REQUIRED WORK — Give the number of lines in the data below that contain "ultimately", with no other words.

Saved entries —
+++
(* Let $\mathcal A\in\mathbb C^{n_1\times n_2\times n_3}$. Then $$\mathcal A\{-,*\}\,(\mathcal A^\dagger)^*\,\mathcal A\{-,*\}\subseteq\mathcal A\{-,*\},$$ i.e. for all $\mathcal U,\mathcal V\in\mathcal A\{-,*\}$ one has $\mathcal U(\mathcal A^\dagger)^*\mathcal V\in\mathcal A\{-,*\}$.
   Context: Fix a nonsingular matrix $M\in\mathbb C^{n_3\times n_3}$. For $\mathcal C\in\mathbb C^{n_1\times n_2\times n_3}$ let $\widehat{\mathcal C}=\mathcal C\times_3M$, i.e. $\widehat{\mathcal C}_{ijk}=\sum_{l=1}^{n_3}M_{kl}\mathcal C_{ijl}$, and let $\widehat{\mathcal C}^{(i)}$ denote its $i$-th frontal slice. The M-product $\mathcal C\star_M\mathcal D$ of $\mathcal C\in\mathbb C^{n_1\times n_2\times n_3}$ and $\mathcal D\in\mathbb C^{n_2\times l\times n_3}$ is the unique tensor with $\widehat{\mathcal C\star_M\mathcal D}^{(i)}=\widehat{\mathcal C}^{(i)}\widehat{\mathcal D}^{(i)}$ for all $i\in[n_3]$. Juxtaposition of tensors denotes the M-product. The conjugate transpose $\mathcal A^*$ is defined by $\widehat{\mathcal A^*}^{(i)}=(\widehat{\mathcal A}^{(i)})^*$. The Moore–Penrose inverse $\mathcal A^\dagger$ is the unique $\mathcal W$ satisfying $\mathcal A\mathcal W\mathcal A=\mathcal A$, $\mathcal W\mathcal A\mathcal W=\mathcal W$, $(\mathcal A\mathcal W)^*=\mathcal A\mathcal W$, $(\mathcal W\mathcal A)^*=\mathcal W\mathcal A$. $\mathcal A\{1\}$ is the set of all $\mathcal W$ with $\mathcal A\mathcal W\mathcal A=\mathcal A$. The set of 1-Star inverses is $\mathcal A\{-,*\}=\{\mathcal A^-\mathcal A\mathcal A^*:\mathcal A^-\in\mathcal A\{1\}\}$. *)

theory Defs
  imports "HOL-Analysis.Analysis"
begin

text \<open>A third-order tensor in C^(n1 x n2 x n3) is represented as the family of its
  frontal slices: T $ k $ i $ j is the entry (i,j,k).  Dimensions are finite types.\<close>
type_synonym ('n1, 'n2, 'n3) tensor = "complex ^ 'n2 ^ 'n1 ^ 'n3"

definition mode3 :: "complex ^ 'n3::finite ^ 'n3 \<Rightarrow> ('n1::finite, 'n2::finite, 'n3) tensor \<Rightarrow> ('n1, 'n2, 'n3) tensor" where
  "mode3 M C = (\<chi> k i j. \<Sum>l\<in>UNIV. M $ k $ l * C $ l $ i $ j)"

definition cmat_adj :: "complex ^ 'n::finite ^ 'm::finite \<Rightarrow> complex ^ 'm ^ 'n" where
  "cmat_adj X = (\<chi> i j. cnj (X $ j $ i))"

definition mprod :: "complex ^ 'n3::finite ^ 'n3 \<Rightarrow> ('n1::finite, 'n2::finite, 'n3) tensor \<Rightarrow> ('n2, 'l::finite, 'n3) tensor
    \<Rightarrow> ('n1, 'l, 'n3) tensor" where
  "mprod M C D = mode3 (matrix_inv M) (\<chi> k. (mode3 M C $ k) ** (mode3 M D $ k))"

definition tadj :: "complex ^ 'n3::finite ^ 'n3 \<Rightarrow> ('n1::finite, 'n2::finite, 'n3) tensor \<Rightarrow> ('n2, 'n1, 'n3) tensor" where
  "tadj M A = mode3 (matrix_inv M) (\<chi> k. cmat_adj (mode3 M A $ k))"

definition is_mp_inverse :: "complex ^ 'n3::finite ^ 'n3 \<Rightarrow> ('n1::finite, 'n2::finite, 'n3) tensor \<Rightarrow> ('n2, 'n1, 'n3) tensor \<Rightarrow> bool" where
  "is_mp_inverse M A W \<longleftrightarrow>
     mprod M (mprod M A W) A = A \<and>
     mprod M (mprod M W A) W = W \<and>
     tadj M (mprod M A W) = mprod M A W \<and>
     tadj M (mprod M W A) = mprod M W A"

definition mp_inverse :: "complex ^ 'n3::finite ^ 'n3 \<Rightarrow> ('n1::finite, 'n2::finite, 'n3) tensor \<Rightarrow> ('n2, 'n1, 'n3) tensor" where
  "mp_inverse M A = (THE W. is_mp_inverse M A W)"

definition inv1 :: "complex ^ 'n3::finite ^ 'n3 \<Rightarrow> ('n1::finite, 'n2::finite, 'n3) tensor \<Rightarrow> ('n2, 'n1, 'n3) tensor set" where
  "inv1 M A = {W. mprod M (mprod M A W) A = A}"

definition one_star_inverses :: "complex ^ 'n3::finite ^ 'n3 \<Rightarrow> ('n1::finite, 'n2::finite, 'n3) tensor \<Rightarrow> ('n2, 'n1, 'n3) tensor set" where
  "one_star_inverses M A = {mprod M (mprod M G A) (tadj M A) | G. G \<in> inv1 M A}"

end

theory Submission
  imports Defs
begin

text \<open>Every notion involved acts slice by slice in the transform domain, where the M-product,
  the adjoint and the Moore-Penrose inverse become those of ordinary complex matrices. Writing
  \<open>U = G A A\<^sup>*\<close> and \<open>V = H A A\<^sup>*\<close> with \<open>G, H \<in> A{1}\<close>, the identity
  \<open>A A\<^sup>* (A\<^sup>\<dagger>)\<^sup>* = A (A\<^sup>\<dagger> A)\<^sup>* = A A\<^sup>\<dagger> A = A\<close> gives
  \<open>U (A\<^sup>\<dagger>)\<^sup>* V = (G A H) A A\<^sup>*\<close>, and \<open>G A H \<in> A{1}\<close> since \<open>A G A H A = A H A = A\<close>.
  The Moore-Penrose inverse of a matrix exists because \<open>A\<^sup>*A X = A\<^sup>*A Y\<close> implies \<open>A X = A Y\<close>.\<close>

lemma invertible_matrix_inv:
  assumes "invertible (M::'a::semiring_1^'n^'m)"
  shows "M ** matrix_inv M = mat 1" "matrix_inv M ** M = mat 1"
proof -
  have "\<exists>N. M ** N = mat 1 \<and> N ** M = mat 1" using assms by (simp add: invertible_def)
  from someI_ex[OF this] show "M ** matrix_inv M = mat 1" "matrix_inv M ** M = mat 1"
    by (simp_all add: matrix_inv_def)
qed

lemma cmat_adj_cmat_adj [simp]: "cmat_adj (cmat_adj X) = X"
  by (simp add: cmat_adj_def vec_eq_iff)

lemma cmat_adj_mult: "cmat_adj (X ** Y) = cmat_adj Y ** cmat_adj X"
  by (simp add: cmat_adj_def vec_eq_iff matrix_matrix_mult_def mult.commute)

lemma matrix_mul_diff_distrib: "(A::'a::ring_1^'n^'m) ** (X - Y) = A ** X - A ** Y"
  by (simp add: vec_eq_iff matrix_matrix_mult_def right_diff_distrib sum_subtractf)

lemma matrix_mul_rzero [simp]: "(A::'a::semiring_1^'n^'m) ** (0::'a^'k^'n) = 0"
  by (simp add: vec_eq_iff matrix_matrix_mult_def)

lemma cmat_adj_mult_self_eq_0:
  fixes E :: "complex^'n^'m"
  assumes "cmat_adj E ** E = 0"
  shows "E = 0"
proof -
  have "E $ i $ j = 0" for i j
  proof -
    have "(\<Sum>l\<in>UNIV. cnj (E $ l $ j) * E $ l $ j) = 0"
      using assms by (simp add: vec_eq_iff matrix_matrix_mult_def cmat_adj_def)
    moreover have "(\<Sum>l\<in>UNIV. cnj (E $ l $ j) * E $ l $ j) = of_real (\<Sum>l\<in>UNIV. (norm (E $ l $ j))\<^sup>2)"
      unfolding of_real_sum by (rule sum.cong[OF refl]) (simp only: complex_norm_square mult.commute)
    ultimately have "(\<Sum>l\<in>UNIV. (norm (E $ l $ j))\<^sup>2) = 0"
      by (metis of_real_eq_0_iff)
    then show ?thesis
      by (simp add: sum_nonneg_eq_0_iff)
  qed
  then show ?thesis by (simp add: vec_eq_iff)
qed

lemma gram_mult_cancel:
  fixes A :: "complex^'n^'m" and X Y :: "complex^'k^'n"
  assumes "cmat_adj A ** A ** X = cmat_adj A ** A ** Y"
  shows "A ** X = A ** Y"
proof -
  let ?E = "A ** (X - Y)"
  have "cmat_adj A ** ?E = 0"
    using assms by (simp add: matrix_mul_diff_distrib matrix_mul_assoc)
  then have "cmat_adj ?E ** ?E = 0"
    by (simp add: cmat_adj_mult flip: matrix_mul_assoc)
  then have "?E = 0" by (rule cmat_adj_mult_self_eq_0)
  then show ?thesis by (simp add: matrix_mul_diff_distrib)
qed

lemma exists_inner_inverse: "\<exists>G. (A::'a::field^'n^'m) ** G ** A = A"
proof -
  obtain g where g: "Vector_Spaces.linear (*s) (*s) g" "\<forall>v\<in>range ((*v) A). A *v g v = v"
    using vec.linear_exists_right_inverse_on[OF matrix_vector_mul_linear_gen vec.subspace_UNIV, of A]
    by auto
  have "A ** matrix g ** A = A"
    unfolding matrix_eq
    by (simp add: matrix_vector_mul_assoc[symmetric] matrix_works[OF g(1)] g(2))
  then show ?thesis by blast
qed

text \<open>A \<open>{1,3}\<close>-inverse: \<open>P A\<^sup>*\<close> for a hermitian \<open>{1}\<close>-inverse \<open>P\<close> of the Gram matrix \<open>A\<^sup>*A\<close>.\<close>

lemma exists_inner_inverse_hermitian:
  "\<exists>Y. (A::complex^'n^'m) ** Y ** A = A \<and> cmat_adj (A ** Y) = A ** Y"
proof -
  define C where "C = cmat_adj A ** A"
  have C_herm: "cmat_adj C = C" by (simp add: cmat_adj_mult C_def)
  obtain P0 where P0: "C ** P0 ** C = C" using exists_inner_inverse by blast
  have P0_adj: "C ** cmat_adj P0 ** C = C"
    using arg_cong[OF P0, of cmat_adj] by (simp add: cmat_adj_mult matrix_mul_assoc C_herm)
  define P where "P = P0 ** C ** cmat_adj P0"
  have P_herm: "cmat_adj P = P" by (simp add: P_def cmat_adj_mult matrix_mul_assoc C_herm)
  have "C ** P ** C = (C ** P0 ** C) ** cmat_adj P0 ** C"
    by (simp add: P_def matrix_mul_assoc)
  then have "C ** P ** C = C" by (simp add: P0 P0_adj)
  then have "cmat_adj A ** A ** (P ** cmat_adj A ** A) = cmat_adj A ** A ** mat 1"
    by (simp add: matrix_mul_assoc C_def)
  then have "A ** (P ** cmat_adj A) ** A = A"
    using gram_mult_cancel by (metis matrix_mul_assoc matrix_mul_rid)
  moreover have "cmat_adj (A ** (P ** cmat_adj A)) = A ** (P ** cmat_adj A)"
    by (simp add: cmat_adj_mult P_herm matrix_mul_assoc)
  ultimately show ?thesis by blast
qed

definition penrose_inverse :: "complex^'n^'m \<Rightarrow> complex^'m^'n \<Rightarrow> bool" where
  "penrose_inverse A W \<longleftrightarrow> A ** W ** A = A \<and> W ** A ** W = W \<and>
     cmat_adj (A ** W) = A ** W \<and> cmat_adj (W ** A) = W ** A"

text \<open>\<open>Z A Y\<close> where \<open>Y\<close> is a \<open>{1,3}\<close>-inverse of \<open>A\<close> and \<open>Z\<^sup>*\<close> one of \<open>A\<^sup>*\<close>.\<close>

lemma exists_penrose_inverse: "\<exists>W. penrose_inverse (A::complex^'n^'m) W"
proof -
  obtain Y where Y: "A ** Y ** A = A" "cmat_adj (A ** Y) = A ** Y"
    using exists_inner_inverse_hermitian by blast
  obtain Y' where Y': "cmat_adj A ** Y' ** cmat_adj A = cmat_adj A"
    "cmat_adj (cmat_adj A ** Y') = cmat_adj A ** Y'"
    using exists_inner_inverse_hermitian by blast
  define Z where "Z = cmat_adj Y'"
  have Z1: "A ** Z ** A = A"
    using arg_cong[OF Y'(1), of cmat_adj] by (simp add: Z_def cmat_adj_mult matrix_mul_assoc)
  have Z2: "cmat_adj (Z ** A) = Z ** A"
    using arg_cong[OF Y'(2), of cmat_adj] by (simp add: Z_def cmat_adj_mult)
  define W where "W = Z ** A ** Y"
  have AW: "A ** W = A ** Y" by (simp add: W_def matrix_mul_assoc Z1)
  have WA: "W ** A = Z ** A" by (metis W_def Y(1) matrix_mul_assoc)
  have "A ** W ** A = A" by (simp add: AW Y(1))
  moreover have "W ** A ** W = Z ** (A ** Z ** A) ** Y" by (simp only: WA) (simp add: W_def matrix_mul_assoc)
  then have "W ** A ** W = W" by (simp add: Z1 W_def)
  ultimately have "penrose_inverse A W"
    by (simp add: penrose_inverse_def AW WA Y(2) Z2)
  then show ?thesis ..
qed

lemma penrose_inverse_unique:
  fixes A :: "complex^'n^'m"
  assumes "penrose_inverse A W1" "penrose_inverse A W2"
  shows "W1 = W2"
proof -
  have 1: "A ** W1 ** A = A" "W1 ** A ** W1 = W1" "cmat_adj (A ** W1) = A ** W1"
    "cmat_adj (W1 ** A) = W1 ** A"
    using assms(1) by (simp_all add: penrose_inverse_def)
  have 2: "A ** W2 ** A = A" "W2 ** A ** W2 = W2" "cmat_adj (A ** W2) = A ** W2"
    "cmat_adj (W2 ** A) = W2 ** A"
    using assms(2) by (simp_all add: penrose_inverse_def)
  have "W1 = W1 ** cmat_adj (A ** W1)" using 1(2,3) by (simp add: matrix_mul_assoc)
  also have "\<dots> = W1 ** cmat_adj (A ** W2 ** A ** W1)" by (simp add: 2(1))
  also have "\<dots> = W1 ** cmat_adj (A ** W1) ** cmat_adj (A ** W2)"
    by (simp add: cmat_adj_mult matrix_mul_assoc)
  also have "\<dots> = W1 ** A ** W2" by (simp add: 1(2,3) 2(3) matrix_mul_assoc)
  finally have W1: "W1 = W1 ** A ** W2" .
  have "W2 = cmat_adj (W2 ** A) ** W2" using 2(2,4) by simp
  also have "\<dots> = cmat_adj (W2 ** A ** W1 ** A) ** W2" by (metis 1(1) matrix_mul_assoc)
  also have "\<dots> = cmat_adj (W1 ** A) ** cmat_adj (W2 ** A) ** W2"
    by (simp add: cmat_adj_mult matrix_mul_assoc)
  also have "\<dots> = W1 ** A ** W2" by (metis 1(4) 2(2,4) matrix_mul_assoc)
  finally show ?thesis using W1 by simp
qed

lemma mode3_mode3: "mode3 P (mode3 Q C) = mode3 (P ** Q) C"
proof -
  have "(\<Sum>l\<in>UNIV. P $ k $ l * (\<Sum>m\<in>UNIV. Q $ l $ m * C $ m $ i $ j)) =
        (\<Sum>m\<in>UNIV. (\<Sum>l\<in>UNIV. P $ k $ l * Q $ l $ m) * C $ m $ i $ j)" for k i j
    by (simp add: sum_distrib_left sum_distrib_right mult.assoc) (rule sum.swap)
  then show ?thesis unfolding mode3_def matrix_matrix_mult_def by (simp add: vec_eq_iff)
qed

lemma mode3_mat_1 [simp]: "mode3 (mat 1) C = C"
proof -
  have "(\<Sum>l\<in>UNIV. mat 1 $ k $ l * C $ l $ i $ j) = C $ k $ i $ j" for k i j
    by (simp add: mat_def if_distrib[where f="\<lambda>x. x * _"] cong del: if_weak_cong)
  then show ?thesis unfolding mode3_def by (simp add: vec_eq_iff)
qed

context
  fixes M :: "complex ^ 'n3::finite ^ 'n3"
  assumes M: "invertible M"
begin

lemma mode3_mode3_matrix_inv [simp]:
  "mode3 M (mode3 (matrix_inv M) C) = C" "mode3 (matrix_inv M) (mode3 M C) = C"
  by (simp_all add: mode3_mode3 invertible_matrix_inv[OF M])

lemma tensor_eq_iff_slices: "C = D \<longleftrightarrow> (\<forall>k. mode3 M C $ k = mode3 M D $ k)"
  by (metis mode3_mode3_matrix_inv(2) vec_eq_iff)

lemma slice_mprod [simp]: "mode3 M (mprod M C D) $ k = mode3 M C $ k ** mode3 M D $ k"
  by (simp add: mprod_def)

lemma slice_tadj [simp]: "mode3 M (tadj M C) $ k = cmat_adj (mode3 M C $ k)"
  by (simp add: tadj_def)

lemma mprod_assoc: "mprod M (mprod M A B) C = mprod M A (mprod M B C)"
  by (simp add: tensor_eq_iff_slices matrix_mul_assoc)

lemma tadj_mprod: "tadj M (mprod M A B) = mprod M (tadj M B) (tadj M A)"
  by (simp add: tensor_eq_iff_slices cmat_adj_mult)

lemma is_mp_inverse_iff_slices:
  "is_mp_inverse M A W \<longleftrightarrow> (\<forall>k. penrose_inverse (mode3 M A $ k) (mode3 M W $ k))"
  unfolding is_mp_inverse_def penrose_inverse_def tensor_eq_iff_slices by auto

lemma is_mp_inverse_mp_inverse: "is_mp_inverse M A (mp_inverse M A)"
  unfolding mp_inverse_def
proof (rule theI')
  define W where "W = mode3 (matrix_inv M) (\<chi> k. SOME w. penrose_inverse (mode3 M A $ k) w)"
  have "is_mp_inverse M A W"
    by (simp add: is_mp_inverse_iff_slices W_def someI_ex[OF exists_penrose_inverse])
  moreover have "W' = W" if "is_mp_inverse M A W'" for W'
    using that \<open>is_mp_inverse M A W\<close>
    by (auto simp: is_mp_inverse_iff_slices tensor_eq_iff_slices intro: penrose_inverse_unique)
  ultimately show "\<exists>!W. is_mp_inverse M A W" by blast
qed

lemma mprod_tadj_tadj_mp_inverse:
  "mprod M A (mprod M (tadj M A) (mprod M (tadj M (mp_inverse M A)) C)) = mprod M A C"
proof -
  let ?W = "mp_inverse M A"
  have "mprod M (tadj M A) (tadj M ?W) = tadj M (mprod M ?W A)"
    by (simp add: tadj_mprod)
  also have "\<dots> = mprod M ?W A"
    using is_mp_inverse_mp_inverse[of A] by (simp add: is_mp_inverse_def)
  finally have "mprod M A (mprod M (tadj M A) (tadj M ?W)) = A"
    using is_mp_inverse_mp_inverse[of A] by (simp add: is_mp_inverse_def flip: mprod_assoc)
  then show ?thesis by (metis mprod_assoc)
qed

end

theorem theorem3p15:
  fixes M :: "complex ^ 'n3::finite ^ 'n3"
    and A :: "('n1::finite, 'n2::finite, 'n3) tensor"
    and U V :: "('n2, 'n1, 'n3) tensor"
  assumes "invertible M"
    and "U \<in> one_star_inverses M A"
    and "V \<in> one_star_inverses M A"
  shows "mprod M (mprod M U (tadj M (mp_inverse M A))) V \<in> one_star_inverses M A"
proof -
  note assoc = mprod_assoc[OF \<open>invertible M\<close>]
  obtain G where G: "mprod M (mprod M A G) A = A" and U: "U = mprod M (mprod M G A) (tadj M A)"
    using assms(2) unfolding one_star_inverses_def inv1_def by blast
  obtain H where H: "mprod M (mprod M A H) A = A" and V: "V = mprod M (mprod M H A) (tadj M A)"
    using assms(3) unfolding one_star_inverses_def inv1_def by blast
  define X where "X = mprod M (mprod M G A) H"
  have "X \<in> inv1 M A"
    using G H by (simp add: inv1_def X_def assoc)
  moreover have "mprod M (mprod M U (tadj M (mp_inverse M A))) V = mprod M (mprod M X A) (tadj M A)"
    by (simp add: U V X_def assoc mprod_tadj_tadj_mp_inverse[OF \<open>invertible M\<close>])
  ultimately show ?thesis
    unfolding one_star_inverses_def by blast
qed

end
+++
RESULT — 5